Many States encourage the use of arbitration provisions in insurance policies. Arbitrations rarely rely on a record. They are mostly done in private (or in secret, depending on which moniker you prefer).
There is no transcript. There is no record of the evidence. The testimony and the documents are not recorded.
This can make for issues where courts are called upon to supervise the arbitration proceedings. Whenever one party or another appeals an arbitration award and requests the review of a court, the court is effectively being asked to supervise the arbitration proceeding.
However, when there is no record there can be no review at least on the ground that the evidence was insufficient to support the award. This is true even in an appeal from a trial to the court or bench trial, where there is no transcript nor any other record of the proceedings that the reviewing court can review.

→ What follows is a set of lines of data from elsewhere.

text \<open>The end points \<open>l = 0\<close>, \<open>l = u - 8/25\<close>, \<open>r = a\<close>, \<open>r = u\<close> of the range of \<open>c\<close> lie on the faces
  \<open>c = 0\<close>, \<open>d = 4/25\<close>, \<open>c = a\<close>, \<open>d = 0\<close>.\<close>
lemma g_add_le_half:
  fixes a b c d :: real
  assumes "0 \<le> a" "0 \<le> b" "0 \<le> c" "0 \<le> d" "2 * a + b + c + 2 * d = 1" "c \<le> a" "d \<le> 4/25"
  shows "g a b c + 2 * (d * sqrt d) + d / 5 \<le> 1/2"
proof -
  define u where "u = c + 2 * d"
  define l r where "l = max 0 (u - 8/25)" and "r = min a u"
  have "0 \<le> l" "l \<le> c" "c \<le> r" "r \<le> u"
    using assms by (simp_all add: l_def r_def u_def)
  have "convex_on {l..r} (mass_split u)"
    using convex_on_subset [OF convex_on_mass_split] \<open>0 \<le> l\<close> \<open>r \<le> u\<close> by simp
  then have "mass_split u c \<le> max (mass_split u l) (mass_split u r)"
    using \<open>l \<le> c\<close> \<open>c \<le> r\<close> by (intro convex_on_le_max) auto
  moreover have "mass_split u l + min_term a b \<le> 1/2"
    using assms \<open>l \<le> c\<close> unfolding l_def by (intro mass_split_lower_end) (simp_all add: u_def)
  moreover have "mass_split u r + min_term a b \<le> 1/2"
    using assms unfolding r_def by (intro mass_split_upper_end) (simp_all add: u_def)
  moreover have "mass_split u c = c * sqrt c + 2 * (d * sqrt d) + d / 5"
    by (simp add: mass_split_def u_def)
  ultimately show ?thesis
    using assms(3) by (simp add: g_eq_min_term)
qed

Such was the ruling in a recent non-insurance-coverage case decided without a jury by a trial court. Understandably, the appellate court simply could not review evidence when there was no evidence in the record:
Held: Judgment for the plaintiff was affirmed. This court did not reach the merits of the defendant's argument that the evidence was insufficient to establish negligence on its part. There was no transcript of the bench trial, and there was no evidence in the record that a stipulation by the parties' attorneys to the facts and testimony was submitted to the trial court.
Allstate Ins. Co. v. Wally's Auto Repair, 2016 IL App (1st) 142676-U, ¶ 1 at p. *1 (Ill. 1st DCA September 23, 2016) (UNPUBLISHED OPINION. Subject to citation in limited circumstances in Illinois).
The lesson is clear: If you want any court to review the record in your proceeding, whether the court you ask to review the record is a trial court or an appellate court, make sure that they have a record to review.